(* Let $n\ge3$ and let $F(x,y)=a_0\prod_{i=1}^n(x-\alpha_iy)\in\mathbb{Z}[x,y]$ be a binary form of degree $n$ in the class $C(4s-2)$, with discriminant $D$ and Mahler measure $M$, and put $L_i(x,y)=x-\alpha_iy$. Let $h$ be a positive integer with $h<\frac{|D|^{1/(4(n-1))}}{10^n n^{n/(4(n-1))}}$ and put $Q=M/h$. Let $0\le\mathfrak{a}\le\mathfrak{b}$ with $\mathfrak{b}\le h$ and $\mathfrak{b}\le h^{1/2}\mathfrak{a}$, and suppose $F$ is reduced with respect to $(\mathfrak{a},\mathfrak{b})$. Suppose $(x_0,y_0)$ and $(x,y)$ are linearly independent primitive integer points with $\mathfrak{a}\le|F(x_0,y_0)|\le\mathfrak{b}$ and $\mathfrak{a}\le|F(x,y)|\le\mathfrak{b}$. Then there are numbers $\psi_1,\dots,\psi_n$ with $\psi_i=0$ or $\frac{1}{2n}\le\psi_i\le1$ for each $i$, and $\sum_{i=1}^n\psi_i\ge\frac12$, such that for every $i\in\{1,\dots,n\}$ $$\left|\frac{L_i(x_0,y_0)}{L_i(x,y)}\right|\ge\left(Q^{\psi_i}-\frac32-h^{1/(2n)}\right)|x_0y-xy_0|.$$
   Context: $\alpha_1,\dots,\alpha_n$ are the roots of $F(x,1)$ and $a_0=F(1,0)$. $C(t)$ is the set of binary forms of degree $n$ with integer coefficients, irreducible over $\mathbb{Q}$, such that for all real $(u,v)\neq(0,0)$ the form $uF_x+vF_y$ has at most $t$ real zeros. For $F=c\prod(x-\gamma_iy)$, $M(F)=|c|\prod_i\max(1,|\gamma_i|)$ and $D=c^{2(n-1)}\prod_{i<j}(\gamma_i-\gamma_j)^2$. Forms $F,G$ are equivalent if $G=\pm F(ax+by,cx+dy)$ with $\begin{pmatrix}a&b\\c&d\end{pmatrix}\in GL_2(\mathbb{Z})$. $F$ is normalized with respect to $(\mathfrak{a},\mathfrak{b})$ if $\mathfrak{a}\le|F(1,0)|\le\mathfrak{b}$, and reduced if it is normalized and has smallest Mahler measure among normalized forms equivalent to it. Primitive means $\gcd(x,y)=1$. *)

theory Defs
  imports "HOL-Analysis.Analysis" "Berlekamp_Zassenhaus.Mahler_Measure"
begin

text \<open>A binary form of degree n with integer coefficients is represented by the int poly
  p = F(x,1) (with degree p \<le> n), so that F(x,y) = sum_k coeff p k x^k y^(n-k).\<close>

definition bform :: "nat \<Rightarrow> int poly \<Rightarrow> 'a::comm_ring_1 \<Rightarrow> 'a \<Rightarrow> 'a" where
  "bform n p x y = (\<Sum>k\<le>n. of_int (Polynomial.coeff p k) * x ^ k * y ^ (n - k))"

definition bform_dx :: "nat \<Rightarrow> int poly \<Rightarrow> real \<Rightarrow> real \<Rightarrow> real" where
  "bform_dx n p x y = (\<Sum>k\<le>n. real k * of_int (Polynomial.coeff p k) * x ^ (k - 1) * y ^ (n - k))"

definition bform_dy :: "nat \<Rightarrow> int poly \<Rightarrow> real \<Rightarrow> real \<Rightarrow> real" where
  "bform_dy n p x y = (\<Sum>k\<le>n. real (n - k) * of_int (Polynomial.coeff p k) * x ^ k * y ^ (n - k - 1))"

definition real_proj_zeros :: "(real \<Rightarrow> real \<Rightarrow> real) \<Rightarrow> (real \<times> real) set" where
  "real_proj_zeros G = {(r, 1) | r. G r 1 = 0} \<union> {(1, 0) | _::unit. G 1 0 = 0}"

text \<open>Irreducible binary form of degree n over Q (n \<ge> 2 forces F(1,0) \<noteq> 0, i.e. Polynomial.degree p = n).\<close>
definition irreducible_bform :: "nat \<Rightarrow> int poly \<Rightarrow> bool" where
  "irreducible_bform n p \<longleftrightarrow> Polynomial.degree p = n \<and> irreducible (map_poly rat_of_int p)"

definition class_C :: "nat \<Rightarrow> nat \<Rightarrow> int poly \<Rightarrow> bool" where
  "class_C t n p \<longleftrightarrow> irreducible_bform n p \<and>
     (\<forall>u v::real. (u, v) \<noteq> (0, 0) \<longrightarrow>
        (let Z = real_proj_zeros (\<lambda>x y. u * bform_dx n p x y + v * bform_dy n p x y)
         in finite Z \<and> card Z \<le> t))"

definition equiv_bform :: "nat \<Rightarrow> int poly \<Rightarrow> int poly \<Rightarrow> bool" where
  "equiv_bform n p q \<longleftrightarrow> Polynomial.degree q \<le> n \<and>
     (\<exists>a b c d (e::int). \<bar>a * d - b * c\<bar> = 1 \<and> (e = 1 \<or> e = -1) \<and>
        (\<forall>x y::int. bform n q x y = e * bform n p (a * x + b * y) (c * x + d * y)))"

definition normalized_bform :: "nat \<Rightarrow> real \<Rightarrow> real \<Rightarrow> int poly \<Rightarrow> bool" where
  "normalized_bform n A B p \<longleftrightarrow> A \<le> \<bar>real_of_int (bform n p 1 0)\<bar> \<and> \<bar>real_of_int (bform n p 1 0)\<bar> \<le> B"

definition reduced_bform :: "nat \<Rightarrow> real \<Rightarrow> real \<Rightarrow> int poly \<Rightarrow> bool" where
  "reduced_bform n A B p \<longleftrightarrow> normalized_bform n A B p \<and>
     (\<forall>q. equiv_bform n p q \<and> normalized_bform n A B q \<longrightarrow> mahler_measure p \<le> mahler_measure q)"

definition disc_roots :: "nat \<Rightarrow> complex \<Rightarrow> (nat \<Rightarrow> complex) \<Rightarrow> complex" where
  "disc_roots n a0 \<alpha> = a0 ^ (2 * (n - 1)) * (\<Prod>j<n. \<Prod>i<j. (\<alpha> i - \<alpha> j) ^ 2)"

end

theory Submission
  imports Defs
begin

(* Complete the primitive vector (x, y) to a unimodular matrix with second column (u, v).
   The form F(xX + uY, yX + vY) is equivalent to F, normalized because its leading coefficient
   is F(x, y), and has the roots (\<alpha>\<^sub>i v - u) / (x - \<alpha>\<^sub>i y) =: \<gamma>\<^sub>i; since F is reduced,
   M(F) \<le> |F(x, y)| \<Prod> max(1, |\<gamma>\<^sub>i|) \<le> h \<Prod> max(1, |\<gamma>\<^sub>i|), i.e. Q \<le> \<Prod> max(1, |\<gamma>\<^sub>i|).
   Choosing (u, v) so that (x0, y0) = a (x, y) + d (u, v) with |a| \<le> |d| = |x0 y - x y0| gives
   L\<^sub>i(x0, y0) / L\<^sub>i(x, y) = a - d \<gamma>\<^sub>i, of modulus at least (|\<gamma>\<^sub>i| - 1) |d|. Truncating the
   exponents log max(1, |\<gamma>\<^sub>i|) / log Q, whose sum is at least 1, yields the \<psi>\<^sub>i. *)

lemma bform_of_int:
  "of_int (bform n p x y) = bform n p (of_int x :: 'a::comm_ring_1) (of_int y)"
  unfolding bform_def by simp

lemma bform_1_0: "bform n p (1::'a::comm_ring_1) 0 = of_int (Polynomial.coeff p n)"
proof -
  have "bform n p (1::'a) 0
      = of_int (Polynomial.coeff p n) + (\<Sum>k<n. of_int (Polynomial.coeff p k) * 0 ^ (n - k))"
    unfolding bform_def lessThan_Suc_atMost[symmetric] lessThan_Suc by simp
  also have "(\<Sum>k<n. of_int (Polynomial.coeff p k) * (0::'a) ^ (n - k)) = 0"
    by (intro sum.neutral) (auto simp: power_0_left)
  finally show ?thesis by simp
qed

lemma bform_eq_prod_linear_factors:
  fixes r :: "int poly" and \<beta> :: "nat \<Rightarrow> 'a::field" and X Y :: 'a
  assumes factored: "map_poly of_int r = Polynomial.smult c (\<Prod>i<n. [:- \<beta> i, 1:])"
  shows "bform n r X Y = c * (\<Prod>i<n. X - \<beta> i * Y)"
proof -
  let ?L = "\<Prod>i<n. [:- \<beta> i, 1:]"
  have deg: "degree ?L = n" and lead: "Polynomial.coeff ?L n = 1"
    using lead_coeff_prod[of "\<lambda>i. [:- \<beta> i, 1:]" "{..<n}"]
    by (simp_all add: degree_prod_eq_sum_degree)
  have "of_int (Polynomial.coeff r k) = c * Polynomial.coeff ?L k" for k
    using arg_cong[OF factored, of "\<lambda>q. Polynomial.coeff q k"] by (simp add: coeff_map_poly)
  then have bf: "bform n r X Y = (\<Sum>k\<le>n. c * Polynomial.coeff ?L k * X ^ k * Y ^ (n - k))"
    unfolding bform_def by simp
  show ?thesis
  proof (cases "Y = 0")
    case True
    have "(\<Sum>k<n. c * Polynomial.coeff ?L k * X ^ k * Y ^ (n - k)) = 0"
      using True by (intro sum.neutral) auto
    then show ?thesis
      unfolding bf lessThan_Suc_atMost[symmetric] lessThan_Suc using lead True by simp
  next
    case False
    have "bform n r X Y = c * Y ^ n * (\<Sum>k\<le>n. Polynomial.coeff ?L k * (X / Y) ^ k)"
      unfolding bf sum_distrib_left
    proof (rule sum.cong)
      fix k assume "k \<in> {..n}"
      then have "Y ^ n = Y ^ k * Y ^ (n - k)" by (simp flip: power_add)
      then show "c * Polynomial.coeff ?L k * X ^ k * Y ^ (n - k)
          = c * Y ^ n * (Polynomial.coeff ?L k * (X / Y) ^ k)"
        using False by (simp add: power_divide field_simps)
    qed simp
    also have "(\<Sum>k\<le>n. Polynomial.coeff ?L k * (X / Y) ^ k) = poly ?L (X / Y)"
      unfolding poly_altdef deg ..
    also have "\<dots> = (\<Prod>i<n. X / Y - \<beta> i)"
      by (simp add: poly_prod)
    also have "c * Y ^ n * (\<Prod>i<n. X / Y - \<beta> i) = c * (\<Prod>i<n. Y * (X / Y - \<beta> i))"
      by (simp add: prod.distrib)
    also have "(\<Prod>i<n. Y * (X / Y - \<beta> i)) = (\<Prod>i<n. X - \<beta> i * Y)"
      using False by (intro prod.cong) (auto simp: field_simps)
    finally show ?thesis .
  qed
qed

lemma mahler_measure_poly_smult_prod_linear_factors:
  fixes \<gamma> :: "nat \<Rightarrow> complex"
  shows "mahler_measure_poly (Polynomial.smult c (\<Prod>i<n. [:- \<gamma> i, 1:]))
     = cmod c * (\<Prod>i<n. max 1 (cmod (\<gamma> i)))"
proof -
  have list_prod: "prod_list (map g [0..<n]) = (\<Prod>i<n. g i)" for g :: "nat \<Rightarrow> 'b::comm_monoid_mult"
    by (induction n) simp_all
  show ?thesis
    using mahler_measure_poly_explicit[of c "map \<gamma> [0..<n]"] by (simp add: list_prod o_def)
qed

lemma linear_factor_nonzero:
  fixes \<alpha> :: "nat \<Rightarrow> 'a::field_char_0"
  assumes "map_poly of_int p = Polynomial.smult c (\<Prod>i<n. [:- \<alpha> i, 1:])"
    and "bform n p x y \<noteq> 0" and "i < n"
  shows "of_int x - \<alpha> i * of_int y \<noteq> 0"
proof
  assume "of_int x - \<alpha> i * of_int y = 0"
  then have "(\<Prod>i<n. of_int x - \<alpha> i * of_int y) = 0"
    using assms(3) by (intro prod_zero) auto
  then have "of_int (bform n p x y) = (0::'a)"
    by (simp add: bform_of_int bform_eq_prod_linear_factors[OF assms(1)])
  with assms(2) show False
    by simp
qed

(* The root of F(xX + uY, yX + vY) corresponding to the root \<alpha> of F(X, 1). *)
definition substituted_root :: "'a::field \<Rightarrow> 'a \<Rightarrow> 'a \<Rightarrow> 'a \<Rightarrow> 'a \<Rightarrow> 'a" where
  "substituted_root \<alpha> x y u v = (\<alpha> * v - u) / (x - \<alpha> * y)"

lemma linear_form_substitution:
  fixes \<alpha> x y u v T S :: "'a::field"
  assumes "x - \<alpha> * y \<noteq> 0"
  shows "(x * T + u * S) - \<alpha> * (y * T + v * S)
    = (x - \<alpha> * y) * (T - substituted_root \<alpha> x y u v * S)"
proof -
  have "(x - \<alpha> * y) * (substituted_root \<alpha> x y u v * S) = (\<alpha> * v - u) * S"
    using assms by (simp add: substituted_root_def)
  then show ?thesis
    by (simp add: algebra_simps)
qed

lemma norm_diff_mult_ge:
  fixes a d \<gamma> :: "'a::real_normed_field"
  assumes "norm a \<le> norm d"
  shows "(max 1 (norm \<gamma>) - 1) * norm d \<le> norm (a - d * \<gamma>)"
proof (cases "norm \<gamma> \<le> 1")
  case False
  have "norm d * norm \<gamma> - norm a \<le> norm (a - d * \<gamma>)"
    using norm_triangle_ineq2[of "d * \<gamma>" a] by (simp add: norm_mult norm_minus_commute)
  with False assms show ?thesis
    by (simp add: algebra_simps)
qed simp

--------------------------------

From the entries above, show each line that includes the string "shows".

  shows "bform n r X Y = c * (\<Prod>i<n. X - \<beta> i * Y)"
  shows "mahler_measure_poly (Polynomial.smult c (\<Prod>i<n. [:- \<gamma> i, 1:]))
  shows "of_int x - \<alpha> i * of_int y \<noteq> 0"
  shows "(x * T + u * S) - \<alpha> * (y * T + v * S)
  shows "(max 1 (norm \<gamma>) - 1) * norm d \<le> norm (a - d * \<gamma>)"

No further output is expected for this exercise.